Graham credited Evangelical Christians as the anchor of the Republican Party’s support for Israel while urging pastors and politicians alike to strengthen education for younger Americans. “In parts of the media, Israel is the bad guy. In the Bible, Israel is the good guy. Education matters,” he said.
Graham’s optimism is tempered by a warning that time favors Hamas if Israel waits too long to resume operations should disarmament fail. “As this drags on, the harder it is to go back,” he said. “More civilians return, more booby traps go down, and you risk more Israeli soldiers’ lives.”
He said the region stands at an inflection point. “We live in historic times. If Hamas regenerates, good luck convincing Hezbollah to disarm. If Hamas is permanently removed and Gaza is rebuilt by partners who reject radical Islam, everything else gets easier.”
He also pushed back on fatalism about Palestinian society. “Do not tell me things cannot change,” he said. “Germany and Japan were the most radicalized places on the planet. Over the arc of time, they changed. I would never ask Israel to accept a Palestinian state that could generate another October 7. But over time, with different leadership and real security guarantees, you can have a Palestinian partner that lives in peace with Israel.”
The bottom line, in Graham’s telling, is a sequence that begins with force and ends with a political destination that preserves Israel’s Jewish and democratic character.
“Wipe out Hamas.
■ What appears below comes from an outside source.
(* Let $Q(z)$ be a $k\times k$ Hermite matrix of Laurent polynomials with $Q_{1,1}(z)\not\equiv0$ and $$\operatorname{len}(Q_{1,1})\le\operatorname{len}(Q_{2,2})\le\dots\le\operatorname{len}(Q_{k,k}).$$ Suppose $0\le s<k$ and $Q$ is diagonally dominant at each of its diagonal entries $1,\dots,s$ (no condition if $s=0$). Then there exists a $k\times k$ unimodular matrix $U(z)$ of Laurent polynomials such that $\widetilde Q(z):=U(z)Q(z)U^\star(z)$ is diagonally dominant at each of its diagonal entries $1,\dots,s+1$, and the top-left $(s+1)\times(s+1)$ submatrix of $\widetilde Q$ equals that of $Q$.
   Context: For a matrix $U(z)=\sum_k U_k z^k$ of Laurent polynomials, $U^\star(z):=\sum_k\overline{U_k}^T z^{-k}$; Hermite means $A^\star=A$. A square matrix of Laurent polynomials is unimodular if its determinant is a nonzero monomial $cz^m$ ($c\neq0$). For a Laurent polynomial $u\not\equiv0$: $\deg(u)$ is its highest degree, $\operatorname{ldeg}(u)$ its lowest degree, $\operatorname{len}(u):=\deg(u)-\operatorname{ldeg}(u)$, and $\operatorname{fs}(u):=[\operatorname{ldeg}(u),\deg(u)]$ (an integer interval); for $u\equiv0$, $\operatorname{len}(u):=-\infty$, $\deg(u):=-\infty$ and $\operatorname{fs}(u):=\emptyset$. A $k\times k$ matrix $Q(z)$ of Laurent polynomials is diagonally dominant at the diagonal entry $s$ if (1) for all $i\ne s$: $\operatorname{fs}(Q_{i,s})\subsetneq\operatorname{fs}(Q_{s,s})$ and $\operatorname{fs}(Q_{s,i})\subsetneq\operatorname{fs}(Q_{s,s})$; and (2) for all $i>s$: $\deg(Q_{s,i})<\deg(Q_{s,s})$. $Q$ is diagonally dominant if it is diagonally dominant at every diagonal entry. *)

theory Defs
  imports "HOL-Library.Poly_Mapping" "HOL-Library.Extended_Real" "Jordan_Normal_Form.Determinant"
begin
Press Hezbollah to disarm or face consequences. Isolate Iran. Bring in Arab partners to rebuild Gaza with performance-based benchmarks. Give Israel the lines and the freedom of action it needs,” he said. “Then, keep your eyes on the horizon. If you pretend the Palestinians will vanish, or that one state is viable, you are not being honest with Israel or with yourself.
“Being pro-Israel means telling hard truths,” Graham said. “The only path that keeps Israel Jewish and democratic is a two-state framework, when the conditions are real. That is the reality friends should say out loud.”